Birkent, açıklamasında, "Örneğin kalın sesli bir bayanın telefon konuşması esnasında beyefendi ifadesi ile karşılaşması sık karşılaşılan bir durumdur. Bu ses problemi yapısal nedenlerden kaynaklanabileceği gibi uzun yıllar sigara içiminin bir sonucu olarak da görülebilmektedir. Özellikle çocukluk döneminde çeşitli hormonal ilaç tedavileri kullanmak zorunda kalan kadınlarda da ilerleyen yaşlarda kalın ses problemi ile karşılaşmak mümkündür. Bu tabloların tam tersi olarak ince sesli bir erkeğin konuşması esnasında karşısındakiler tarafından yaşadığı algısal problemler de ciddi anlamda sıkıntı verici olabilmektedir. Hele bu kişi iş alanında yönetici pozisyonunda biri ise bu durum otorite ve pozisyon anlamında ciddi negatif sonuçlar oluşturabilmektedir. Ses estetiğine ihtiyaç duyan bir diğer hasta grubu da cinsiyet değişikliği tercihi içerisinde olan bireylerdir. Özetle, sesimizin cinsiyet, yaş, fiziksel görünüm ve sosyal pozisyonumuzla uyumlu olması gerekir. Bu açıdan sıkıntı yaşayan tüm hastalar için ses estetiğine yönelik girişimler yapılabilir." dedi.

Ses estetiği nasıl yapılır?

Dr. Ahmet Hakan Birkent, sesin incelik ve kalınlık algısına yönelik olarak değiştirmenin mümkün olduğunu dil getirdi. Birkent şöyle devam etti:

"Bu amaçla uyguladığımız çeşitli cerrahi girişimler ile elde edilen sonuçlar oldukça yüz güldürücüdür.
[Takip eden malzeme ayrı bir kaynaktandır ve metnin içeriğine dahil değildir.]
(* Let $(X,d)$ be a compact metric space and $f_{1,\infty}$ a sequence of continuous self-maps of $X$. If $(\mathcal{M}(X),\widetilde{f}_{1,\infty})$ is topologically transitive, then $(X,f_{1,\infty})$ is topologically transitive.
   Context: For $f_{1,\infty}=\{f_n\}_{n\ge1}$ write $f_1^n=f_n\circ\cdots\circ f_1$. $\mathcal{M}(X)$ is the space of Borel probability measures on $X$ with the weak$^*$ topology, and $\widetilde{f}_1^n(\mu)(A)=\mu((f_1^n)^{-1}(A))$ for Borel $A$. A non-autonomous system $(Y,g_{1,\infty})$ is topologically transitive if for every pair of non-empty open sets $U,V$ there is $n\in\mathbb{N}$ with $g_1^n(U)\cap V\ne\emptyset$. *)

theory Defs
  imports "HOL-Probability.Probability"
begin

fun iter_comp :: "(nat \<Rightarrow> 'a \<Rightarrow> 'a) \<Rightarrow> nat \<Rightarrow> 'a \<Rightarrow> 'a" where
  "iter_comp f 0 = id"
| "iter_comp f (Suc n) = f (Suc n) \<circ> iter_comp f n"

definition borel_prob_measures :: "'a::metric_space set \<Rightarrow> 'a measure set" where
  "borel_prob_measures X =
     {\<mu>. prob_space \<mu> \<and> sets \<mu> = sets (restrict_space borel X)}"

definition weak_star_topology :: "'a::metric_space set \<Rightarrow> 'a measure topology" where
  "weak_star_topology X = topology_generated_by
     {{\<mu> \<in> borel_prob_measures X. (\<integral>x. g x \<partial>\<mu>) \<in> U} | g U.
        continuous_on X g \<and> open (U :: real set)}"

definition push_measure :: "'a::metric_space set \<Rightarrow> ('a \<Rightarrow> 'a) \<Rightarrow> 'a measure \<Rightarrow> 'a measure" where
  "push_measure X h \<mu> = distr \<mu> (restrict_space borel X) h"

text \<open>Topological transitivity of a non-autonomous system, given through its
  composed maps G n = g_1^n (n >= 1) on the topological space T.\<close>
definition nonauto_transitive :: "'b topology \<Rightarrow> (nat \<Rightarrow> 'b \<Rightarrow> 'b) \<Rightarrow> bool" where
  "nonauto_transitive T G \<longleftrightarrow>
     (\<forall>U V. openin T U \<and> openin T V \<and> U \<noteq> {} \<and> V \<noteq> {} \<longrightarrow>
        (\<exists>n\<ge>1. G n ` U \<inter> V \<noteq> {}))"

end

theory Submission
  imports Defs
begin

text \<open>Test the transitivity of the measure system on weak-star neighbourhoods of two Dirac masses
  \<open>\<delta>\<^sub>x, \<delta>\<^sub>y\<close>, built from tent functions supported in small balls around \<open>x\<close> and \<open>y\<close>. A measure
  \<open>\<mu>\<close> near \<open>\<delta>\<^sub>x\<close> whose push-forward is near \<open>\<delta>\<^sub>y\<close> gives mass \<open>> 1/2\<close> both to the ball around
  \<open>x\<close> and to the preimage of the ball around \<open>y\<close>; these two sets must therefore meet, which
  yields an orbit from the first ball into the second.\<close>

lemma space_eq_if_sets_restrict_borel:
  assumes "sets \<mu> = sets (restrict_space borel X)"
  shows "space \<mu> = X"
  using sets_eq_imp_space_eq[OF assms] by (simp add: space_restrict_space)

lemma iter_comp_continuous_on_image_subset:
  assumes "\<And>n. n \<ge> 1 \<Longrightarrow> continuous_on X (f n)"
    and "\<And>n. n \<ge> 1 \<Longrightarrow> f n ` X \<subseteq> X"
  shows "continuous_on X (iter_comp f n) \<and> iter_comp f n ` X \<subseteq> X"
proof (induction n)
  case 0
  then show ?case by simp
next
  case (Suc n)
  then have "continuous_on X (f (Suc n) \<circ> iter_comp f n)"
    using assms[of "Suc n"] by (intro continuous_on_compose) (auto intro: continuous_on_subset)
  with Suc assms(2)[of "Suc n"] show ?case by auto
qed

lemma measurable_restrict_borel_if_continuous_on:
  assumes "continuous_on X F" "F ` X \<subseteq> X"
  shows "F \<in> restrict_space borel X \<rightarrow>\<^sub>M restrict_space borel X"
  using assms
  by (intro measurable_restrict_space2 borel_measurable_continuous_on_restrict)
     (auto simp: space_restrict_space)

definition tent :: "'a::metric_space \<Rightarrow> real \<Rightarrow> 'a \<Rightarrow> real" where
  "tent x r z = max 0 (1 - dist z x / r)"

lemma continuous_on_tent: "r > 0 \<Longrightarrow> continuous_on S (tent x r)"
  unfolding tent_def by (intro continuous_intros) auto

lemma tent_centre [simp]: "tent x r x = 1"
  by (simp add: tent_def)

lemma tent_nonneg: "0 \<le> tent x r z"
  by (simp add: tent_def)

lemma tent_le_indicator_ball: "r > 0 \<Longrightarrow> tent x r z \<le> indicator (ball x r) z"
  by (cases "dist z x < r") (auto simp: tent_def indicator_def dist_commute field_simps)

lemma integral_le_measure_if_le_indicator:
  fixes g :: "'a::metric_space \<Rightarrow> real"
  assumes "\<mu> \<in> borel_prob_measures X" "continuous_on X g" "open B"
    and "\<And>z. 0 \<le> g z" "\<And>z. g z \<le> indicator B z"
  shows "(\<integral>z. g z \<partial>\<mu>) \<le> measure \<mu> (B \<inter> X)"
proof -
  have sets: "sets \<mu> = sets (restrict_space borel X)" and "prob_space \<mu>"
    using assms(1) by (auto simp: borel_prob_measures_def)
  interpret prob_space \<mu> by fact
  have space: "space \<mu> = X"
    using space_eq_if_sets_restrict_borel[OF sets] .
  have "g \<in> borel_measurable \<mu>"
    using borel_measurable_continuous_on_restrict[OF assms(2)]
    by (simp add: measurable_cong_sets[OF sets refl])
  then have g: "integrable \<mu> g"
    using assms(4,5) by (intro integrable_const_bound[where B=1])
      (auto intro!: AE_I2 order_trans[OF _ indicator_le_1])
  have BX: "B \<inter> X \<in> sets \<mu>"
    using sets assms(3) by (auto simp: sets_restrict_space)
  have "(\<integral>z. g z \<partial>\<mu>) \<le> (\<integral>z. indicator (B \<inter> X) z \<partial>\<mu>)"
  proof (rule integral_mono[OF g])
    show "integrable \<mu> (indicator (B \<inter> X) :: _ \<Rightarrow> real)"
      using BX by (intro integrable_real_indicator) (auto simp: less_top[symmetric])
    show "g z \<le> indicator (B \<inter> X) z" if "z \<in> space \<mu>" for z
      using assms(5)[of z] that space by (auto simp: indicator_def)
  qed
  with BX show ?thesis by simp
qed

lemma openin_weak_star_integral:
  fixes g :: "'a::metric_space \<Rightarrow> real"
  assumes "continuous_on X g" "open U"
  shows "openin (weak_star_topology X) {\<mu> \<in> borel_prob_measures X. (\<integral>x. g x \<partial>\<mu>) \<in> U}"
  unfolding weak_star_topology_def
  using assms by (intro topology_generated_by_Basis) blast

lemma return_in_borel_prob_measures:
  "x \<in> X \<Longrightarrow> return (restrict_space borel X) x \<in> borel_prob_measures X"
  by (simp add: borel_prob_measures_def prob_space_return space_restrict_space)

lemma integral_return_restrict_borel:
  fixes g :: "'a::metric_space \<Rightarrow> real"
  assumes "x \<in> X" "continuous_on X g"
  shows "(\<integral>z. g z \<partial>return (restrict_space borel X) x) = g x"
  using assms borel_measurable_continuous_on_restrict[OF assms(2)]
  by (simp add: integral_return space_restrict_space)

definition weak_star_nbhd :: "'a::metric_space set \<Rightarrow> 'a \<Rightarrow> real \<Rightarrow> 'a measure set" where
  "weak_star_nbhd X x r = {\<mu> \<in> borel_prob_measures X. (\<integral>z. tent x r z \<partial>\<mu>) \<in> {1/2<..}}"

lemma openin_weak_star_nbhd: "r > 0 \<Longrightarrow> openin (weak_star_topology X) (weak_star_nbhd X x r)"
  unfolding weak_star_nbhd_def by (intro openin_weak_star_integral continuous_on_tent) auto

lemma return_in_weak_star_nbhd:
  "x \<in> X \<Longrightarrow> r > 0 \<Longrightarrow> return (restrict_space borel X) x \<in> weak_star_nbhd X x r"
  by (simp add: weak_star_nbhd_def return_in_borel_prob_measures
      integral_return_restrict_borel continuous_on_tent)

lemma measure_ball_gt_half_if_in_weak_star_nbhd:
  assumes "\<mu> \<in> weak_star_nbhd X x r" "r > 0"
  shows "measure \<mu> (ball x r \<inter> X) > 1/2"
  using assms integral_le_measure_if_le_indicator[of \<mu> X "tent x r" "ball x r"]
  by (force simp: weak_star_nbhd_def continuous_on_tent tent_nonneg tent_le_indicator_ball)

lemma measure_push_measure:
  assumes "\<mu> \<in> borel_prob_measures X" "continuous_on X F" "F ` X \<subseteq> X"
    and "A \<in> sets (restrict_space borel X)"
  shows "measure (push_measure X F \<mu>) A = measure \<mu> (F -` A \<inter> X)"
proof -
  have sets: "sets \<mu> = sets (restrict_space borel X)"
    using assms(1) by (simp add: borel_prob_measures_def)
  have "F \<in> \<mu> \<rightarrow>\<^sub>M restrict_space borel X"
    using measurable_restrict_borel_if_continuous_on[OF assms(2,3)]
    by (simp add: measurable_cong_sets[OF sets refl])
  then show ?thesis
    using assms(4) space_eq_if_sets_restrict_borel[OF sets]
    by (simp add: push_measure_def measure_distr)
qed

lemma (in prob_space) inter_nonempty_if_prob_gt_half:
  assumes "A \<in> events" "B \<in> events" "prob A > 1/2" "prob B > 1/2"
  shows "A \<inter> B \<noteq> {}"
proof
  assume "A \<inter> B = {}"
  then have "prob (A \<union> B) = prob A + prob B"
    using assms(1,2) by (simp add: finite_measure_Union)
  with assms(3,4) prob_le_1[of "A \<union> B"] show False by simp
qed

lemma orbit_between_balls_if_weak_star_transitive:
  assumes "\<And>n. n \<ge> 1 \<Longrightarrow> continuous_on X (f n)"
    and "\<And>n. n \<ge> 1 \<Longrightarrow> f n ` X \<subseteq> X"
    and "nonauto_transitive (weak_star_topology X) (\<lambda>n. push_measure X (iter_comp f n))"
    and "x \<in> X" "y \<in> X" "r > 0" "s > 0"
  obtains n z where "n \<ge> 1" "z \<in> ball x r \<inter> X" "iter_comp f n z \<in> ball y s \<inter> X"
proof -
  obtain n \<mu> where n: "n \<ge> 1" and \<mu>: "\<mu> \<in> weak_star_nbhd X x r"
    and push: "push_measure X (iter_comp f n) \<mu> \<in> weak_star_nbhd X y s"
    using assms(3)[unfolded nonauto_transitive_def, rule_format,
        OF conjI[OF openin_weak_star_nbhd[OF assms(6)] conjI[OF openin_weak_star_nbhd[OF assms(7)]]]]
      return_in_weak_star_nbhd[OF assms(4,6)] return_in_weak_star_nbhd[OF assms(5,7)]
    by blast
  define F where "F = iter_comp f n"
  have F: "continuous_on X F" "F ` X \<subseteq> X"
    using iter_comp_continuous_on_image_subset[OF assms(1,2)] by (auto simp: F_def)
  have bpm: "\<mu> \<in> borel_prob_measures X"
    using \<mu> by (simp add: weak_star_nbhd_def)
  then have sets: "sets \<mu> = sets (restrict_space borel X)" and "prob_space \<mu>"
    by (auto simp: borel_prob_measures_def)
  have ball_y: "ball y s \<inter> X \<in> sets (restrict_space borel X)"
    by (auto simp: sets_restrict_space)
  have "measure \<mu> (F -` (ball y s \<inter> X) \<inter> X) > 1/2"
    using measure_ball_gt_half_if_in_weak_star_nbhd[OF push assms(7)]
      measure_push_measure[OF bpm F ball_y] by (simp add: F_def)
  moreover have "F -` (ball y s \<inter> X) \<inter> X \<in> sets \<mu>"
    using measurable_sets[OF measurable_restrict_borel_if_continuous_on[OF F] ball_y]
    by (simp add: sets space_restrict_space)
  moreover have "ball x r \<inter> X \<in> sets \<mu>"
    by (auto simp: sets sets_restrict_space)
  ultimately have "(ball x r \<inter> X) \<inter> (F -` (ball y s \<inter> X) \<inter> X) \<noteq> {}"
    using prob_space.inter_nonempty_if_prob_gt_half[OF \<open>prob_space \<mu>\<close>]
      measure_ball_gt_half_if_in_weak_star_nbhd[OF \<mu> assms(6)] by blast
  then obtain z where "z \<in> ball x r \<inter> X" "F z \<in> ball y s \<inter> X"
    by blast
  with n show ?thesis
    unfolding F_def by (rule that)
qed

theorem corollary3p1:
  fixes X :: "'a::metric_space set" and f :: "nat \<Rightarrow> 'a \<Rightarrow> 'a"
  assumes "compact X"
    and "\<And>n. n \<ge> 1 \<Longrightarrow> continuous_on X (f n)"
    and "\<And>n. n \<ge> 1 \<Longrightarrow> f n ` X \<subseteq> X"
    and "nonauto_transitive (weak_star_topology X)
           (\<lambda>n. push_measure X (iter_comp f n))"
  shows "nonauto_transitive (top_of_set X) (iter_comp f)"
  unfolding nonauto_transitive_def
proof (intro allI impI)
  fix U V assume UV: "openin (top_of_set X) U \<and> openin (top_of_set X) V \<and> U \<noteq> {} \<and> V \<noteq> {}"
  then obtain x y where "x \<in> U" "y \<in> V" by blast
  with UV obtain r s where r: "r > 0" "ball x r \<inter> X \<subseteq> U" and s: "s > 0" "ball y s \<inter> X \<subseteq> V"
    by (force simp: openin_contains_ball)
  have "x \<in> X" "y \<in> X"
    using \<open>x \<in> U\<close> \<open>y \<in> V\<close> UV openin_imp_subset by blast+
  with r s obtain n z where "n \<ge> 1" "z \<in> ball x r \<inter> X" "iter_comp f n z \<in> ball y s \<inter> X"
    using orbit_between_balls_if_weak_star_transitive[OF assms(2-4)] by metis
  with r s show "\<exists>n\<ge>1. iter_comp f n ` U \<inter> V \<noteq> {}" by blast
qed

end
Ağız içerisinden endoskopik olarak ya da boyundan küçük bir kesi yoluyla yapılan bu cerrahi girişimlerde amaç ses tellerimizin uzunluk, kütle ve gerginliğini ayarlayarak aynen bir enstrümanın teli gibi frekansını değiştirmektir. Bu sayede sesimizi inceltmek, kalınlaştırmak ve tınısını ayarlamak mümkün olmaktadır. Cerrahi işlemlerle birlikte tedaviye eklenecek ses terapisi uygulamaları başarı oranını daha da arttırmaktadır." 
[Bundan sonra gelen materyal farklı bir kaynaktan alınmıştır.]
lemma madj_cmat: "madj (cmat A) = cmat (transpose_mat A)"
  unfolding madj_def cmat_def by (intro eq_matI) auto

lemma cmat_mult: "A \<in> carrier_mat n m \<Longrightarrow> B \<in> carrier_mat m p \<Longrightarrow> cmat (A * B) = cmat A * cmat B"
  unfolding cmat_def by (rule of_real_hom.mat_hom_mult)

lemma cmat_one: "cmat (1\<^sub>m n) = 1\<^sub>m n"
  unfolding cmat_def by (rule of_real_hom.mat_hom_one)

lemma unitary_walk:
  assumes U2: "U2 \<in> carrier_mat n n" "U2 * transpose_mat U2 = 1\<^sub>m n"
    and mu: "mu \<in> carrier_vec n" "mu \<bullet> mu = 1"
  shows "madj (cmat U2 * cmat (reflection n mu)) * (cmat U2 * cmat (reflection n mu)) = 1\<^sub>m n"
proof -
  let ?R = "reflection n mu"
  have R: "?R \<in> carrier_mat n n" by (rule reflection_carrier)
  have tU: "transpose_mat U2 \<in> carrier_mat n n" using U2 by simp
  have TT: "transpose_mat U2 * U2 = 1\<^sub>m n" by (rule mat_mult_left_right_inverse[OF U2(1) tU U2(2)])
  have e: "cmat U2 * cmat ?R = cmat (U2 * ?R)" using cmat_mult[OF U2(1) R] by simp
  have UR: "U2 * ?R \<in> carrier_mat n n" using U2 R by simp
  have X: "transpose_mat (U2 * ?R) * (U2 * ?R) = 1\<^sub>m n"
  proof -
    have "transpose_mat (U2 * ?R) * (U2 * ?R) = (?R * transpose_mat U2) * (U2 * ?R)"
      by (simp only: transpose_mult[OF U2(1) R] reflection_transpose)
    also have "\<dots> = ?R * (transpose_mat U2 * (U2 * ?R))"
      using R tU UR by (rule assoc_mult_mat)
    also have "transpose_mat U2 * (U2 * ?R) = (transpose_mat U2 * U2) * ?R"
      using tU U2(1) R by (rule assoc_mult_mat[symmetric])
    also have "\<dots> = ?R" using R by (simp only: TT left_mult_one_mat)
    also have "?R * ?R = 1\<^sub>m n" by (rule reflection_square[OF mu])
    finally show ?thesis .
  qed
  have "madj (cmat U2 * cmat ?R) * (cmat U2 * cmat ?R) = cmat (transpose_mat (U2 * ?R) * (U2 * ?R))"
    unfolding e madj_cmat by (rule cmat_mult[symmetric]) (use UR in auto)
  thus ?thesis unfolding X cmat_one .
qed

definition cinner :: "nat \<Rightarrow> complex vec \<Rightarrow> complex vec \<Rightarrow> complex" where
  "cinner n v w = (\<Sum>a<n. v $ a * cnj (w $ a))"

lemma mat_vec_idx: "A \<in> carrier_mat n n \<Longrightarrow> v \<in> carrier_vec n \<Longrightarrow> a < n \<Longrightarrow> (A *\<^sub>v v) $ a = (\<Sum>b<n. A $$ (a,b) * v $ b)"
  by (simp add: scalar_prod_def row_def lessThan_atLeast0)

lemma madj_carrier: "A \<in> carrier_mat n n \<Longrightarrow> madj A \<in> carrier_mat n n"
  unfolding madj_def by auto

lemma madj_idx: "A \<in> carrier_mat n n \<Longrightarrow> a < n \<Longrightarrow> b < n \<Longrightarrow> madj A $$ (a,b) = cnj (A $$ (b,a))"
  unfolding madj_def by simp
Prof. Dr. Ahmet Hakan Birkent kendisinin geliştirmiş olduğu “Tensioning Glottoplasty” tekniği hakkında şu bilgileri verdi.

"Benim geliştirdiğim ve “Tensioning Glottoplasty” olarak isimlendirdiğim tekniğin en önemli özelliği ise ses tellerini kısaltma ile birlikte germe imkanı da sunmasıdır. Buna bağlı olarak seste daha belirgin bir incelme elde etmek mümkündür. Ayrıca ses telleri üzerine dikiş atılmadığı için iyileşme daha hızlı olmakta ve ince ses daha kısa sürede elde edilmektedir. Ses telleri üzerinde ameliyat sonrasında açıkta dikiş kalmadığı için komplikasyon oranı da daha düşüktür. Ameliyat esnasında eş zamanlı olarak boyun ön kısmındaki adem elması çıkıntısının alınması da mümkündür. Daha önce ses inceltme ameliyatı olmuş ve sonuçtan memnun kalmamış bireyler için de uygun bir revizyon yöntemidir."

Ses kalınlaştırma nedir?

Prof. Dr. Ahmet Hakan Birkent ses estetiği kavramı içerisinde bazı olgular için sesin kalınlaştırılmasının sosyal iletişim ve toplum içerisindeki algı açısından son derece etkili ve faydalı olduğunu belirtti. Ses kalınlaştırması uygulamalarının genellikle erkekler için söz konusu olduğunu ifade eden Birkent "Bu kapsamda en sıklıkla karşılaştığımız hasta grubunu ergenlik döneminde seste kalınlaşma yönünde olması gereken değişimin izlenmediği puberfoni (mutasyonel falsetto) olguları oluşturmaktadır. Çocukluk çağındaki sesimiz normalde ergenliğe geçişle birlikte kalınlaşır. Fakat bazen bu olması gereken kalınlaşma ortaya çıkmaz ve ses ince olarak kalmaya devam eder. Bu durum da doğal olarak bireyin toplum içerisinde yanlış anlaşılmasına ve sosyal izolasyona yol açabilmektedir. Ses terapisi çalışmaları ile yüz güldürücü sonuçlar alınabilen bu hasta grubu için uygulanacak birtakım cerrahi girişimlerle seste etkili ve kalıcı bir kalınlaşma elde etmek mümkündür." şeklinde konuştu.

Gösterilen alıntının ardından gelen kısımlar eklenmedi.